University

The ‘unfortunate’ life of a PhD graduate

Prof says universities do a poor job giving grad students professional training

Graduate school is professional school, a column by English professor Leonard Cassuto in the Chronicle of Higher Education, points out. Most PhD holders graduate from elite research universities with the full expectation that they will get the sorts of jobs held by their dissertation advisers. For many, if not most, that will never be the case, and universities should reframe doctoral education properly as professional training so grads have a better understanding of what type of career they might have, either inside, or outside, the ivory tower.

To illustrate the point that the expectations of PhD holders tend to be out of line with reality, Cassuto tells the tale of an “unfortunate” academic called “Jack.”

Like many other young Ph.D.’s then and now, Jack had bad luck on the job market despite a solid publication record. He didn’t get a tenure-track job out of the gate, so he took a visiting assistant professorship at a major state university. With that appointment, Jack began a career-long migration in search of permanent employment.

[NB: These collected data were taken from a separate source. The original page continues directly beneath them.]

lemma alg_independent_subst_image:
  fixes L :: "'t \<Rightarrow> ('b, 'c) cpoly" and psi :: "'b \<Rightarrow> ('t, 'c) cpoly"
  assumes indep: "alg_independent sc F"
    and L: "\<And>t. const_free (L t)" "\<And>t. t \<in> T \<Longrightarrow> poly_vars (L t) \<subseteq> F"
    and left_inverse: "\<And>t. t \<in> T \<Longrightarrow> peval pscale psi (L t) = pvar t"
  shows "inj_on (\<lambda>t. peval sc id (L t)) T"
    and "alg_independent sc ((\<lambda>t. peval sc id (L t)) ` T)"
proof -
  define h where "h t = peval sc id (L t)" for t
  have L_over: "L t \<in> polys_over F" if "t \<in> T" for t
    using L that by (simp add: polys_over_def)
  show "inj_on h T"
  proof (rule inj_onI)
    fix s t assume "s \<in> T" "t \<in> T" "h s = h t"
    then have "L s = L t"
      using alg_independent_inj_on[OF indep] L_over by (auto simp: h_def dest: inj_onD)
    then show "s = t"
      using left_inverse \<open>s \<in> T\<close> \<open>t \<in> T\<close> by (metis pvar_inject)
  qed
  show "alg_independent sc (h ` T)"
    unfolding alg_independent_def
  proof (intro ballI impI)
    fix p assume p: "p \<in> polys_over (h ` T)" and "peval sc id p = 0"
    define g where "g = inv_into T h"
    define q where "q = rename g p"
    have q_over: "q \<in> polys_over T"
      using p unfolding q_def g_def by (intro rename_polys_over) (auto simp: polys_over_def inv_into_into)
    have p_eq: "p = rename h q"
      using p unfolding q_def g_def
      by (intro rename_rename[symmetric]) (auto simp: polys_over_def f_inv_into_f)
    have "peval sc id (peval pscale L q) = peval sc id p"
      by (simp add: p_eq peval_subst peval_rename L h_def)
    moreover have "peval pscale L q \<in> polys_over F"
      using q_over L_over by (intro subst_polys_over L(1)) (auto simp: polys_over_def)
    ultimately have "peval pscale L q = 0"
      using indep \<open>peval sc id p = 0\<close> by (simp add: alg_independent_def)
    moreover have "peval pscale psi (peval pscale L q) = q"
    proof -
      have "peval pscale psi (peval pscale L q) = peval pscale (\<lambda>t. peval pscale psi (L t)) q"
        by (rule pscale.peval_subst[OF L(1)])
      also have "\<dots> = peval pscale pvar q"
        using q_over left_inverse by (intro peval_cong) (auto simp: polys_over_def)
      also have "\<dots> = q"
        using q_over by (intro subst_pvar) (simp add: polys_over_def)
      finally show ?thesis .
    qed
    ultimately show "p = 0"
      by (simp add: p_eq rename_def)
  qed
qed

end

section \<open>Topological algebras over the reals or the complex numbers\<close>

lemma gen_alg_is_subalg: "is_subalg K sm (gen_alg K sm G)"
  unfolding gen_alg_def is_subalg_def by auto

lemma subset_gen_alg: "G \<subseteq> gen_alg K sm G"
  unfolding gen_alg_def by auto

lemma gen_alg_least: "is_subalg K sm B \<Longrightarrow> G \<subseteq> B \<Longrightarrow> gen_alg K sm G \<subseteq> B"
  unfolding gen_alg_def by auto

lemma closure_closed_binop:
  assumes "continuous_on UNIV (\<lambda>z. f (fst z) (snd z))"
    and "\<And>x y. x \<in> B \<Longrightarrow> y \<in> B \<Longrightarrow> f x y \<in> B"
    and "x \<in> closure B" "y \<in> closure B"
  shows "f x y \<in> closure B"
proof -
  have "(\<lambda>z. f (fst z) (snd z)) ` closure (B \<times> B) \<subseteq> closure B"
    by (rule image_closure_subset[OF continuous_on_subset[OF assms(1) subset_UNIV]])
       (use assms(2) closure_subset in fastforce)+
  moreover have "(x, y) \<in> closure (B \<times> B)"
    using assms(3,4) by (simp add: closure_Times)
  ultimately show ?thesis
    by force
qed

text \<open>The scalar field \<open>K\<close> is the image of the field \<open>'c\<close> of polynomial coefficients under
  \<open>emb\<close>: \<open>of_real\<close> for \<open>K = \<real>\<close>, the identity for \<open>K = \<complex>\<close>.\<close>

locale topological_K_algebra =
  fixes K :: "complex set" and sm :: "complex \<Rightarrow> 'a::{comm_ring,first_countable_topology} \<Rightarrow> 'a"
    and emb :: "'c::field \<Rightarrow> complex"
  assumes topological_algebra: "topological_algebra K sm"
    and emb_add: "emb (a + b) = emb a + emb b"
    and emb_mult: "emb (a * b) = emb a * emb b"
    and emb_one: "emb 1 = 1"
    and inj_emb: "inj emb"
    and K_eq: "K = range emb"
begin

definition smul :: "'c \<Rightarrow> 'a \<Rightarrow> 'a" where
  "smul a x = sm (emb a) x"

sublocale alg: algebra_module smul
  using topological_algebra unfolding topological_algebra_def K_eq
  by unfold_locales (simp_all add: smul_def emb_add emb_mult emb_one)

lemma emb_0 [simp]: "emb 0 = 0"
  using emb_add[of 0 0] by simp

lemma emb_eq_0_iff [simp]: "emb a = 0 \<longleftrightarrow> a = 0"
  using inj_emb emb_0 by (metis injD)

lemma emb_of_nat [simp]: "emb (of_nat n) = of_nat n"
  by (induction n) (simp_all add: emb_add emb_one)

lemma emb_inverse [simp]: "emb (inverse a) = inverse (emb a)"
proof (cases "a = 0")
  case False
  then have "emb a * emb (inverse a) = 1"
    by (simp flip: emb_mult emb_one)
  then show ?thesis
    by (simp add: inverse_unique)
qed simp

lemma emb_inv_into [simp]: "c \<in> K \<Longrightarrow> emb (inv emb c) = c"
  by (simp add: K_eq f_inv_into_f)

lemma sm_eq_smul: "c \<in> K \<Longrightarrow> sm c x = smul (inv emb c) x"
  by (simp add: smul_def)

lemma peval_image_is_subalg: "is_subalg K sm (peval smul id ` polys_over G)"
  unfolding is_subalg_def
proof (intro conjI ballI)
  show "0 \<in> peval smul id ` polys_over G"
    by (rule image_eqI[of _ _ 0]) simp_all
  fix x y assume "x \<in> peval smul id ` polys_over G" "y \<in> peval smul id ` polys_over G"
  then obtain p q where pq: "p \<in> polys_over G" "q \<in> polys_over G"
    and xy: "x = peval smul id p" "y = peval smul id q"
    by blast
  show "x + y \<in> peval smul id ` polys_over G"
    using pq by (intro image_eqI[of _ _ "p + q"]) (simp_all add: xy alg.peval_add polys_over_add)
  show "x - y \<in> peval smul id ` polys_over G"
    using pq by (intro image_eqI[of _ _ "p - q"]) (simp_all add: xy alg.peval_diff polys_over_diff)
  show "x * y \<in> peval smul id ` polys_over G"
    using pq polys_over_mult[OF pq] by (intro image_eqI[of _ _ "p * q"])
      (simp_all add: xy alg.peval_mult polys_over_def)
next
  fix c x assume "c \<in> K" "x \<in> peval smul id ` polys_over G"
  then obtain p where "p \<in> polys_over G" "x = peval smul id p"
    by blast
  then show "sm c x \<in> peval smul id ` polys_over G"
    using \<open>c \<in> K\<close>
    by (intro image_eqI[of _ _ "pscale (inv emb c) p"])
      (simp_all add: sm_eq_smul alg.peval_pscale polys_over_pscale)
qed

lemma gen_alg_subset_peval_image: "gen_alg K sm G \<subseteq> peval smul id ` polys_over G"
  by (rule gen_alg_least[OF peval_image_is_subalg])
    (auto intro!: image_eqI[of _ _ "pvar _"] polys_over_pvar)

lemma gen_alg_Int_eq_zero:
  assumes "alg_independent smul H" "G1 \<subseteq> H" "G2 \<subseteq> H" "G1 \<inter> G2 = {}"
  shows "gen_alg K sm G1 \<inter> gen_alg K sm G2 = {0}"
  using alg.peval_image_Int_eq_zero[OF assms] gen_alg_subset_peval_image[of G1]
    gen_alg_subset_peval_image[of G2] gen_alg_is_subalg[of K sm G1] gen_alg_is_subalg[of K sm G2]
  by (auto simp: is_subalg_def)

lemma poly_eval_eq_peval:
  assumes "finite S" "{#} \<notin> S" "Poly_Mapping.keys q \<subseteq> S"
    and "\<And>m. m \<in> S \<Longrightarrow> c m = emb (Poly_Mapping.lookup q m)"
  shows "poly_eval sm S c x = peval smul x q"
proof -
  have "peval smul x q = (\<Sum>m\<in>S. smul (Poly_Mapping.lookup q m) (mprod x m))"
    by (rule alg.peval_superset) (use assms in auto)
  also have "\<dots> = poly_eval sm S c x"
    unfolding poly_eval_def smul_def
    by (intro sum.cong refl) (metis assms(2,4) monom_eval_eq_mprod)
  finally show ?thesis
    by simp
qed

lemma SFG_imp_alg_independent:
  assumes "SFG K sm G"
  shows "alg_independent smul G"
  unfolding alg_independent_def
proof (intro ballI impI)
  fix p assume p: "p \<in> polys_over G" and "peval smul id p = 0"
  define n where "n = card (poly_vars p)"
  obtain x where x: "bij_betw x {..<n} (poly_vars p)"
    using ex_bij_betw_nat_finite[OF finite_poly_vars] by (metis atLeast0LessThan n_def)
  define q where "q = rename (inv_into {..<n} x) p"
  have q_over: "q \<in> polys_over {..<n}"
    using x unfolding q_def bij_betw_def by (intro rename_polys_over) (metis inv_into_into lessThan_iff)
  have p_eq: "p = rename x q"
    using p x unfolding q_def bij_betw_def
    by (intro rename_rename[symmetric]) (simp_all add: polys_over_def f_inv_into_f)
  have "peval smul x q = 0"
    using \<open>peval smul id p = 0\<close> by (simp add: p_eq alg.peval_rename)
  have "q = 0"
  proof (rule ccontr)
    assume "q \<noteq> 0"
    then obtain m where m: "m \<in> Poly_Mapping.keys q"
      by (metis ex_in_conv keys_eq_empty)
    have "is_poly_n K n (Poly_Mapping.keys q) (\<lambda>m. emb (Poly_Mapping.lookup q m))"
      using q_over K_eq by (auto simp: is_poly_n_def polys_over_def const_free_def poly_vars_def)
    moreover have "poly_nonzero (Poly_Mapping.keys q) (\<lambda>m. emb (Poly_Mapping.lookup q m))"
      using m by (auto simp: poly_nonzero_def in_keys_iff)
    moreover have "inj_on x {..<n}" "x ` {..<n} \<subseteq> G"
      using x p by (auto simp: bij_betw_def polys_over_def)
    ultimately have "poly_eval sm (Poly_Mapping.keys q) (\<lambda>m. emb (Poly_Mapping.lookup q m)) x \<noteq> 0"
      using assms unfolding SFG_def by blast
    moreover have "poly_eval sm (Poly_Mapping.keys q) (\<lambda>m. emb (Poly_Mapping.lookup q m)) x
        = peval smul x q"
      using q_over by (intro poly_eval_eq_peval) (auto simp: polys_over_def const_free_def)
    ultimately show False
      using \<open>peval smul x q = 0\<close> by simp
  qed
  then show "p = 0"
    by (simp add: p_eq rename_def)
qed

lemma alg_independent_imp_SFG:
  assumes indep: "alg_independent smul G"
  shows "SFG K sm G"
  unfolding SFG_def
proof (intro allI impI, elim conjE)
  fix n S c x
  assume poly: "is_poly_n K n S c" and "poly_nonzero S c"
    and inj: "inj_on x {..<n}" and img: "x ` {..<n} \<subseteq> G"
  have S: "finite S" "{#} \<notin> S" "\<And>m. m \<in> S \<Longrightarrow> set_mset m \<subseteq> {..<n} \<and> c m \<in> K"
    using poly by (auto simp: is_poly_n_def)
  define q :: "(nat, 'c) cpoly" where "q = (\<Sum>m\<in>S. Poly_Mapping.single m (inv emb (c m)))"
  have lookup_q: "Poly_Mapping.lookup q m = (if m \<in> S then inv emb (c m) else 0)" for m
    using S(1) by (simp add: q_def lookup_sum lookup_single when_def)
  have keys_q: "Poly_Mapping.keys q \<subseteq> S"
    by (auto simp: in_keys_iff lookup_q split: if_splits)
  have q_over: "q \<in> polys_over {..<n}"
    using keys_q S by (fastforce simp: polys_over_def const_free_def poly_vars_def)
  have "q \<noteq> 0"
  proof
    assume "q = 0"
    obtain m where "m \<in> S" "c m \<noteq> 0"
      using \<open>poly_nonzero S c\<close> by (auto simp: poly_nonzero_def)
    with \<open>q = 0\<close> show False
      using lookup_q[of m] emb_inv_into[of "c m"] S(3) by auto
  qed
  have "rename (inv_into {..<n} x) (rename x q) = q"
    using q_over inj by (intro rename_rename) (auto simp: polys_over_def inv_into_f_f)
  then have "rename x q \<noteq> 0"
    using \<open>q \<noteq> 0\<close> by (auto simp: rename_def)
  moreover have "rename x q \<in> polys_over G"
    using q_over img by (intro rename_polys_over) (auto simp: polys_over_def)
  moreover have "poly_eval sm S c x = peval smul id (rename x q)"
    using S keys_q by (subst poly_eval_eq_peval) (simp_all add: lookup_q alg.peval_rename)
  ultimately show "poly_eval sm S c x \<noteq> 0"
    using indep by (auto simp: alg_independent_def)
qed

That passage took Jack from campus to campus, with his two longest stops lasting four years each; one of those stints was in the writing program of a major private university, and the other was a visiting professorship at a different private university. The visiting job took the form of a series of one-year contracts, so Jack never knew from year to year whether he’d be employed beyond May.

Through it all, he evolved from a committed teacher into a fantastically dedicated one. He struggled with mixed success to maintain a publishing agenda while testing the job market again and again.

After that last four-year stint ended, Jack failed for the first time to land on his feet at another university. Then, in what amounts to a cruel cosmic joke, Jack got cancer. His diagnosis gave him a new job, as caregiver to himself. That job, like all the others, proved temporary. He died this past fall.